Data extracted from a collection:
subsection \<open>Profiles on which misreporting is strictly worse\<close>

lemma exists_profile_with_others_score:
  fixes w :: "real^('n::finite)" and g :: "'m::finite \<Rightarrow> real"
  assumes w_sum: "(\<Sum>j\<in>UNIV. w$j) = 1" and "w$i < 1"
    and g: "\<And>z. 0 \<le> g z \<and> g z \<le> 1 - w$i"
  shows "\<exists>P\<in>unit_cube. \<forall>z. others_score w i P z = g z"
proof
  define P :: "real^'m^'n" where "P = (\<chi> j z. g z / (1 - w$i))"
  show "P \<in> unit_cube"
    unfolding unit_cube_def P_def using g \<open>w$i < 1\<close> by simp
  have "others_score w i P z = (1 - w$i) * (g z / (1 - w$i))" for z
    by (simp only: others_score_def P_def vec_lambda_beta sum_distrib_right[symmetric]
        sum_other_weights[OF w_sum])
  then show "\<forall>z. others_score w i P z = g z" using \<open>w$i < 1\<close> by simp
qed

text \<open>The others' scores are W = 1 - w_i on T, \<sigma> on q, \<sigma> + e on q' and 0 elsewhere, where
e lies strictly between the weighted belief gap and the weighted report gap of q and q'.
The bound w_i < 1/2, i.e.\ w_i < W, leaves room for \<sigma>.\<close>
lemma exists_profile_forcing_swap:
  fixes w :: "real^('n::finite)" and bel r :: "real^('m::finite)"
  assumes w_pos: "\<forall>j. w$j > 0" and w_sum: "(\<Sum>j\<in>UNIV. w$j) = 1" and w_half: "w$i < 1/2"
    and bel: "bel \<in> unit_box" and r: "r \<in> unit_box"
    and gap: "bel$q - bel$q' < r$q - r$q'" and T: "q \<notin> T" "q' \<notin> T"
  shows "\<exists>P\<in>unit_cube. 0 < score w i r P q
           \<and> (\<forall>z. z \<notin> insert q T \<longrightarrow> score w i r P z < score w i r P q)
           \<and> (\<forall>t\<in>T. score w i r P q' < score w i r P t)
           \<and> score w i bel P q < score w i bel P q'"
proof -
  define wi where "wi = w$i"
  define W where "W = 1 - wi"
  have wi: "0 < wi" "wi < W" using w_pos w_half by (auto simp: wi_def W_def)
  have unit: "0 \<le> wi * r$z" "wi * r$z \<le> wi" "0 \<le> wi * bel$z" "wi * bel$z \<le> wi" for z
    using bel r wi by (auto simp: unit_box_def intro: mult_left_le)
  have qq': "q \<noteq> q'" using gap by auto
  have "wi * bel$q - wi * bel$q' < wi * r$q - wi * r$q'"
    using mult_strict_left_mono[OF gap wi(1)] by (simp add: algebra_simps)
  define e where "e = ((wi * bel$q - wi * bel$q') + (wi * r$q - wi * r$q')) / 2"
  have e: "wi * bel$q - wi * bel$q' < e" "e < wi * r$q - wi * r$q'"
    using \<open>wi * bel$q - wi * bel$q' < wi * r$q - wi * r$q'\<close> unfolding e_def by simp_all
  have "max (wi - wi * r$q) (-e) < min (W - wi * r$q' - e) W"
    unfolding max_less_iff_conj min_less_iff_conj
    using e wi unit[of q] unit[of q'] by linarith
  then obtain \<sigma> where "max (wi - wi * r$q) (-e) < \<sigma>" "\<sigma> < min (W - wi * r$q' - e) W"
    using dense by blast
  then have \<sigma>: "wi - wi * r$q < \<sigma>" "-e < \<sigma>" "\<sigma> + e < W - wi * r$q'" "\<sigma> < W"
    by simp_all
  have \<sigma>_range: "0 \<le> \<sigma>" "\<sigma> \<le> W" "0 \<le> \<sigma> + e" "\<sigma> + e \<le> W"
    using \<sigma> unit[of q] unit[of q'] by linarith+
  define g where
    "g z = (if z \<in> T then W else if z = q then \<sigma> else if z = q' then \<sigma> + e else 0)" for z
  have "0 \<le> g z \<and> g z \<le> W" for z
    using \<sigma>_range wi by (simp add: g_def)
  then obtain P where P: "P \<in> unit_cube" "\<forall>z. others_score w i P z = g z"
    using exists_profile_with_others_score[OF w_sum, of i g] w_half by (auto simp: W_def wi_def)
  have sc: "score w i s P z = wi * s$z + g z" for s z
    using P(2) by (simp add: score_def wi_def)
  show ?thesis
  proof (intro bexI conjI allI impI ballI)
    show "0 < score w i r P q" using sc \<sigma> wi T by (simp add: g_def)
    have score_q: "score w i r P q = wi * r$q + \<sigma>" using sc T by (simp add: g_def)
    show "score w i r P z < score w i r P q" if "z \<notin> insert q T" for z
    proof (cases "z = q'")
      case True
      then show ?thesis using score_q sc e T qq' by (simp add: g_def)
    next
      case False
      then have "score w i r P z = wi * r$z" using that sc by (simp add: g_def)
      then show ?thesis using score_q \<sigma> unit[of z] by linarith
    qed
    show "score w i r P q' < score w i r P t" if "t \<in> T" for t
      using that sc \<sigma> T qq' unit[of t] by (auto simp: g_def)
    show "score w i bel P q < score w i bel P q'"
      using sc e T qq' by (simp add: g_def algebra_simps)
  qed (rule P(1))
qed

lemma continuous_on_score:
  "continuous_on UNIV (\<lambda>P::real^('m::finite)^('n::finite). score w i r P z)"
  unfolding score_def by (intro continuous_intros continuous_on_others_score)

lemma exists_openin_utility_less:
  fixes x :: "real^('m::finite)^('n::finite) \<Rightarrow> 'm set" and bel r :: "real^'m"
  assumes w_pos: "\<forall>j. w$j > 0" and w_sum: "(\<Sum>j\<in>UNIV. w$j) = 1" and w_half: "w$i < 1/2"
    and vcg: "vcg_allocation w K x" and bel: "bel \<in> unit_box" and r: "r \<in> unit_box"
    and K: "1 \<le> K" "K < CARD('m)"
    and not_shift: "\<exists>q q'. bel$q - bel$q' \<noteq> r$q - r$q'"
  shows "\<exists>U. openin (top_of_set unit_cube) U \<and> U \<noteq> {}
           \<and> (\<forall>P\<in>U. utility w K x i bel r P < utility w K x i bel bel P)"
proof -
  obtain q q' where gap: "bel$q - bel$q' < r$q - r$q'"
    using not_shift by (metis linorder_neqE_linordered_idom minus_diff_eq neg_less_iff_less)
  then have qq': "q \<noteq> q'" by auto
  have "K - 1 \<le> card (UNIV - {q, q'})" using K qq' by (simp add: card_Diff_subset)
  then obtain T where "T \<subseteq> UNIV - {q, q'}" "card T = K - 1"
    by (rule obtain_subset_with_card_n)
  then have T: "card T + 1 = K" "q \<notin> T" "q' \<notin> T" using K by auto
  define V where "V =
    {P. 0 < score w i r P q} \<inter> {P. score w i bel P q < score w i bel P q'}
    \<inter> (\<Inter>z\<in>- insert q T. {P. score w i r P z < score w i r P q})
    \<inter> (\<Inter>t\<in>T. {P. score w i r P q' < score w i r P t})"
  have "open V" unfolding V_def
    by (intro open_Int open_INT open_Collect_less continuous_on_score continuous_on_const finite ballI)
  then have "openin (top_of_set unit_cube) (unit_cube \<inter> V)" by (rule openin_open_Int)
  moreover have "unit_cube \<inter> V \<noteq> {}"
    using exists_profile_forcing_swap[OF w_pos w_sum w_half bel r gap T(2,3)]
    unfolding V_def by blast
  moreover have "utility w K x i bel r P < utility w K x i bel bel P" if "P \<in> unit_cube \<inter> V" for P
    using that utility_less_truthful[OF vcg _ bel r T qq'] unfolding V_def by blast
  ultimately show ?thesis by blast
qed

theorem theorem5:
  fixes D :: "(real^('m::finite)^('n::finite)) measure"
    and w :: "real^'n" and K :: nat
    and x :: "real^'m^'n \<Rightarrow> 'm set"
    and i :: 'n and bel rep :: "real^'m"
  assumes "prob_space D" and "sets D = sets borel"
    and "emeasure D unit_cube = 1"
    and "full_support D"
    and "1 \<le> K" and "K < CARD('m)" and "CARD('m) \<ge> 2" and "CARD('n) \<ge> 3"
    and "\<forall>j. w$j > 0" and "(\<Sum>j\<in>UNIV. w$j) = 1" and "\<forall>j. w$j < 1/2"
    and "vcg_allocation w K x"
    and "x \<in> borel \<rightarrow>\<^sub>M count_space UNIV"
    and "bel \<in> unit_box" and "rep \<in> unit_box"
    and "rep \<noteq> bel"
    and "\<exists>q q'. bel$q - bel$q' \<noteq> rep$q - rep$q'"
  shows "(\<integral>P. utility w K x i bel bel P \<partial>D) > (\<integral>P. utility w K x i bel rep P \<partial>D)"
proof -
  interpret prob_space D by fact
  have cube_sets: "unit_cube \<in> sets D"
    using assms(3) emeasure_notin_sets by force
  have AE_cube: "AE P in D. P \<in> unit_cube"
    by (rule AE_prob_1) (simp add: measure_def assms(3))
  have integrable: "integrable D (\<lambda>P. utility w K x i bel r P)" for r
    using integrable_utility[OF finite_measure_axioms assms(2) AE_cube assms(9,10,14,13)] .
  obtain U where U: "openin (top_of_set unit_cube) U" "U \<noteq> {}"
    and less: "\<forall>P\<in>U. utility w K x i bel rep P < utility w K x i bel bel P"
    using exists_openin_utility_less[OF assms(9,10) _ assms(12,14,15,5,6,17)] assms(11) by blast
  have "U \<in> sets D"
    using U(1) cube_sets assms(2) by (metis borel_open openin_open sets.Int)
  show ?thesis
  proof (rule integral_less_AE[OF integrable integrable, where A=U])
    show "emeasure D U \<noteq> 0" using U assms(4) unfolding full_support_def by fastforce
    show "U \<in> sets D" by fact
    show "AE P in D. P \<in> U \<longrightarrow> utility w K x i bel rep P \<noteq> utility w K x i bel bel P"
      using less by (auto intro!: AE_I2 simp: less_imp_neq)
    show "AE P in D. utility w K x i bel rep P \<le> utility w K x i bel bel P"
      using AE_cube by eventually_elim (rule utility_le_truthful[OF assms(12) _ assms(14,15)])
  qed
qed

end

__Task requirements__:
Search the entries for the word "auto". Copy each line where it appears.

__Output of the exercise__:
  have wi: "0 < wi" "wi < W" using w_pos w_half by (auto simp: wi_def W_def)
    using bel r wi by (auto simp: unit_box_def intro: mult_left_le)
  have qq': "q \<noteq> q'" using gap by auto
    using exists_profile_with_others_score[OF w_sum, of i g] w_half by (auto simp: W_def wi_def)
      using that sc \<sigma> T qq' unit[of t] by (auto simp: g_def)
  then have qq': "q \<noteq> q'" by auto
  then have T: "card T + 1 = K" "q \<notin> T" "q' \<notin> T" using K by auto
      using less by (auto intro!: AE_I2 simp: less_imp_neq)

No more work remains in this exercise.